The Gifted curriculum was project-based, and through it, I loved learning, worked harder and thought bigger. Looking back, what also made this such a safe learning environment was the fact that there was time – and space – within our experiential curriculum to instill within us the life skills that were vital to our success outside of the classroom – as friends, family members, and now, as professionals. We were taught about ourselves through the learning we did. We were safe feeling vulnerable around each other because a creative environment instills that. We imagined our future places in the world and made big plans early because we were taught early on how to plan.

It’s no coincidence that the kids I grew up with in that program and I are all doing incredible things today. Our schooling prepared us to change the world by teaching us the same skills that highly sought after professionals in top industries use every day: organization, collaboration, design thinking, creative expression, communication, self-confidence, healthy debate and asking for help.

I have always felt incredibly guilty that not all of my school friends were able to experience the gift of the Gifted program. Listening to the incredible podcast, Nice White Parents, also shed some light on other reasons to feel guilty, but that’s a blog post for another day. For today, I say only this: Until every school, community and family embraces creativity and experiential learning, we will struggle to fully embrace our stressed-out society’s full potential. In a world where everything feels like it’s life-or-death, we need to move from a right-or-wrong approach to education to a more intuitive and exploratory model that values the creative process, encourages healthy mental wellness and fosters cooperation.
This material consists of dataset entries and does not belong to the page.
lemma obs_flipped_assignment_iff:
  assumes "C = C1 \<union> C2" "C1 \<inter> C2 = {}" "complete_lits C1 B" "L \<in> B"
  shows "conj_lits (B - {L}) (obs C Xv \<omega>) \<and> \<not> lit_val L (obs C Xv \<omega>) \<and> (\<forall>x\<in>C2. \<not> Xv x \<omega>)
    \<longleftrightarrow> obs C Xv \<omega> = flipped_assignment C1 B L"
proof -
  have "(\<forall>x\<in>C2. \<not> Xv x \<omega>) \<longleftrightarrow> (\<forall>x\<in>C2. \<not> obs C Xv \<omega> x)"
    using assms(1) by (auto simp: obs_def)
  then show ?thesis
    using flipped_assignment_iff[OF assms(3,4), of "obs C Xv \<omega>" C2]
      obs_in_assignments[of C Xv \<omega>] assms(1,2) by simp
qed

lemma cond_exp_base_event:
  assumes "C = C1 \<union> C2" "C1 \<inter> C2 = {}" "complete_lits C1 B"
    and adjust: "suffices_adjust p C Xv W Dpo"
    and consistency: "\<And>\<omega>. D \<omega> = Dpo (obs C Xv \<omega>) \<omega>"
    and pos: "measure_pmf.prob p
      {\<omega>. conj_lits B (obs C Xv \<omega>) \<and> (\<forall>x\<in>C2. \<not> Xv x \<omega>) \<and> W \<omega> = w} > 0"
  shows "cond_exp p D {\<omega>. conj_lits B (obs C Xv \<omega>) \<and> (\<forall>x\<in>C2. \<not> Xv x \<omega>) \<and> W \<omega> = w}
    = measure_pmf.prob p {\<omega>. Dpo (base_assignment C1 B) \<omega> \<and> W \<omega> = w}
      / measure_pmf.prob p {\<omega>. W \<omega> = w}"
proof -
  have event: "{\<omega>. conj_lits B (obs C Xv \<omega>) \<and> (\<forall>x\<in>C2. \<not> Xv x \<omega>) \<and> W \<omega> = w}
      = {\<omega>. obs C Xv \<omega> = base_assignment C1 B \<and> W \<omega> = w}"
    using obs_base_assignment_iff[OF assms(1-3), of Xv] by auto
  have "base_assignment C1 B \<in> assignments C"
    by (rule base_assignment_in_assignments) (simp add: assms(1))
  then show ?thesis
    using pos unfolding event by (rule cond_exp_adjusted[OF adjust consistency])
qed

lemma cond_exp_flipped_event:
  assumes "C = C1 \<union> C2" "C1 \<inter> C2 = {}" "complete_lits C1 B" "L \<in> B"
    and adjust: "suffices_adjust p C Xv W Dpo"
    and consistency: "\<And>\<omega>. D \<omega> = Dpo (obs C Xv \<omega>) \<omega>"
    and pos: "measure_pmf.prob p {\<omega>. conj_lits (B - {L}) (obs C Xv \<omega>) \<and> \<not> lit_val L (obs C Xv \<omega>)
      \<and> (\<forall>x\<in>C2. \<not> Xv x \<omega>) \<and> W \<omega> = w} > 0"
  shows "cond_exp p D {\<omega>. conj_lits (B - {L}) (obs C Xv \<omega>) \<and> \<not> lit_val L (obs C Xv \<omega>)
      \<and> (\<forall>x\<in>C2. \<not> Xv x \<omega>) \<and> W \<omega> = w}
    = measure_pmf.prob p {\<omega>. Dpo (flipped_assignment C1 B L) \<omega> \<and> W \<omega> = w}
      / measure_pmf.prob p {\<omega>. W \<omega> = w}"
proof -
  have event: "{\<omega>. conj_lits (B - {L}) (obs C Xv \<omega>) \<and> \<not> lit_val L (obs C Xv \<omega>)
      \<and> (\<forall>x\<in>C2. \<not> Xv x \<omega>) \<and> W \<omega> = w}
      = {\<omega>. obs C Xv \<omega> = flipped_assignment C1 B L \<and> W \<omega> = w}"
    using obs_flipped_assignment_iff[OF assms(1-4), of Xv] by auto
  have "flipped_assignment C1 B L \<in> assignments C"
    by (rule flipped_assignment_in_assignments) (simp add: assms(1))
  then show ?thesis
    using pos unfolding event by (rule cond_exp_adjusted[OF adjust consistency])
qed
(* Let $n\ge0$. If $\Lambda\in\widetilde{\mathrm{NC}}^{\mathrm B}(n)$ has $2k+1$ blocks, then $\Lambda^+\in\widetilde{\mathrm{NC}}^{\mathrm B}(n)$ and $\Lambda^+$ has $2(n-k)+1$ blocks.
   Context: A set partition of a finite set $\mathcal X\subset\mathbb Z$ is a set of nonempty pairwise disjoint sets (blocks) with union $\mathcal X$. A pair $(i,j)$ is an arc of $\Lambda$ if $i<j$ lie in the same block and $j$ is the least element of that block greater than $i$; $\mathrm{Arc}(\Lambda)$ is the set of arcs (which with $\mathcal X$ determines $\Lambda$). Let $[\pm n]=\{\pm1,\dots,\pm n\}$. $\Pi^{\mathrm B}(n)$ is the set of partitions $\Lambda$ of $\{0\}\cup[\pm n]$ such that $(i,j)\in\mathrm{Arc}(\Lambda)$ iff $(-j,-i)\in\mathrm{Arc}(\Lambda)$. $\widetilde{\mathrm{NC}}^{\mathrm B}(n)$ is the set of $\Lambda\in\Pi^{\mathrm B}(n)$ such that whenever $(i,k),(j,l)\in\mathrm{Arc}(\Lambda)$ with $i<j<k<l$, we have $(i,k)=(-l,-j)$. For a partition $\Lambda$ of $\mathcal X$, $\Lambda^+$ is the partition of $\mathcal X$ with arc set $(\mathrm{Arc}(\Lambda)\setminus\mathcal S)\cup\mathcal T$, where $\mathcal S=\{(i,i+1):i\in\mathbb Z\}$ and $\mathcal T$ is the set of pairs $(i,i+1)\in\mathcal X\times\mathcal X$ with $i$ maximal in its block of $\Lambda$ and $i+1$ minimal in its block of $\Lambda$. *)

theory Defs
  imports Main
begin

definition set_partition :: "int set \<Rightarrow> int set set \<Rightarrow> bool" where
  "set_partition X P \<longleftrightarrow> (\<forall>B\<in>P. B \<noteq> {}) \<and>
     (\<forall>B\<in>P. \<forall>C\<in>P. B \<noteq> C \<longrightarrow> B \<inter> C = {}) \<and> \<Union>P = X"

definition Arc :: "int set set \<Rightarrow> (int \<times> int) set" where
  "Arc P = {(i, j). \<exists>B\<in>P. i \<in> B \<and> j \<in> B \<and> i < j \<and> (\<forall>m\<in>B. i < m \<longrightarrow> j \<le> m)}"

text \<open>The partition of X whose blocks are the connected components of the graph with edge set A
  (restricted to X). If A is the arc set of some partition of X, this is that partition.\<close>
definition partition_of_arcs :: "int set \<Rightarrow> (int \<times> int) set \<Rightarrow> int set set" where
  "partition_of_arcs X A =
     X // ((((A \<inter> (X \<times> X)) \<union> (A \<inter> (X \<times> X))\<inverse>)\<^sup>*) \<inter> (X \<times> X))"

definition pm :: "nat \<Rightarrow> int set" where
  "pm n = {i. 1 \<le> \<bar>i\<bar> \<and> \<bar>i\<bar> \<le> int n}"

definition PiB :: "nat \<Rightarrow> int set set set" where
  "PiB n = {L. set_partition ({0} \<union> pm n) L \<and>
              (\<forall>i j. (i, j) \<in> Arc L \<longleftrightarrow> (- j, - i) \<in> Arc L)}"

definition NCB :: "nat \<Rightarrow> int set set set" where
  "NCB n = {L \<in> PiB n. \<forall>i j k l. (i, k) \<in> Arc L \<and> (j, l) \<in> Arc L \<and> i < j \<and> j < k \<and> k < l
              \<longrightarrow> (i, k) = (- l, - j)}"

definition Splus :: "(int \<times> int) set" where
  "Splus = {(i, i + 1) | i. True}"

definition Tplus :: "int set \<Rightarrow> int set set \<Rightarrow> (int \<times> int) set" where
  "Tplus X L = {(i, i + 1) | i. i \<in> X \<and> i + 1 \<in> X \<and>
      (\<exists>B\<in>L. i \<in> B \<and> (\<forall>m\<in>B. m \<le> i)) \<and> (\<exists>B\<in>L. i + 1 \<in> B \<and> (\<forall>m\<in>B. i + 1 \<le> m))}"
(* Let $R$ be a ring (associative with identity). Then the ring $B(R)$ of all $\omega\times\omega$ row-finite and column-finite matrices over $R$ is 2-clean.
   Context: A matrix indexed by $\mathbb{N}\times\mathbb{N}$ is row-finite (resp. column-finite) if each row (resp. column) has only finitely many nonzero entries; $B(R)$ is the ring of matrices that are both, under the usual matrix operations. For a positive integer $n$, a ring $S$ is called $n$-clean if every element of $S$ can be written as $e+u_1+\cdots+u_n$ with $e=e^2\in S$ and $u_1,\dots,u_n$ units of $S$. *)

theory Defs
  imports Main
begin

text \<open>Matrices indexed by nat x nat over a ring 'a (associative, with identity;
  the classes ring + monoid_mult allow also the zero ring).\<close>

type_synonym 'a imat = "nat \<Rightarrow> nat \<Rightarrow> 'a"

definition row_finite :: "('a::zero) imat \<Rightarrow> bool" where
  "row_finite A \<longleftrightarrow> (\<forall>i. finite {j. A i j \<noteq> 0})"

definition column_finite :: "('a::zero) imat \<Rightarrow> bool" where
  "column_finite A \<longleftrightarrow> (\<forall>j. finite {i. A i j \<noteq> 0})"

definition B_mats :: "('a::zero) imat set" where
  "B_mats = {A. row_finite A \<and> column_finite A}"

definition mat_add :: "('a::plus) imat \<Rightarrow> 'a imat \<Rightarrow> 'a imat" where
  "mat_add A B = (\<lambda>i j. A i j + B i j)"

text \<open>Usual matrix product; the sum is finite since A is row-finite.\<close>
definition mat_mul :: "('a::{ring,monoid_mult}) imat \<Rightarrow> 'a imat \<Rightarrow> 'a imat" where
  "mat_mul A B = (\<lambda>i j. \<Sum>k\<in>{k. A i k \<noteq> 0}. A i k * B k j)"

definition mat_id :: "('a::{zero,one}) imat" where
  "mat_id = (\<lambda>i j. if i = j then 1 else 0)"

definition B_idempotent :: "('a::{ring,monoid_mult}) imat \<Rightarrow> bool" where
  "B_idempotent E \<longleftrightarrow> E \<in> B_mats \<and> mat_mul E E = E"

definition B_unit :: "('a::{ring,monoid_mult}) imat \<Rightarrow> bool" where
  "B_unit U \<longleftrightarrow> U \<in> B_mats \<and>
     (\<exists>V \<in> B_mats. mat_mul U V = mat_id \<and> mat_mul V U = mat_id)"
Sadly today, busy brained kids are diagnosed inattentive, anxious and defiant (and yes, I can be all of those, too). The Gifted program has also become more about assigning harder work than expanding more horizons, and creativity is no longer at the root of its mission; college admission is. My friends and I were truly gifted with the golden era of educators, who were given leeway to imagine classroom activities that broadened our highly tuned imaginations. Teachers now don’t get to plan lessons with wild abandon. Curriculum is scripted and paced to the group, not personalized to the student. It’s no mystery why learning isn’t happening with wild abandon then. We took all the fun right out of it!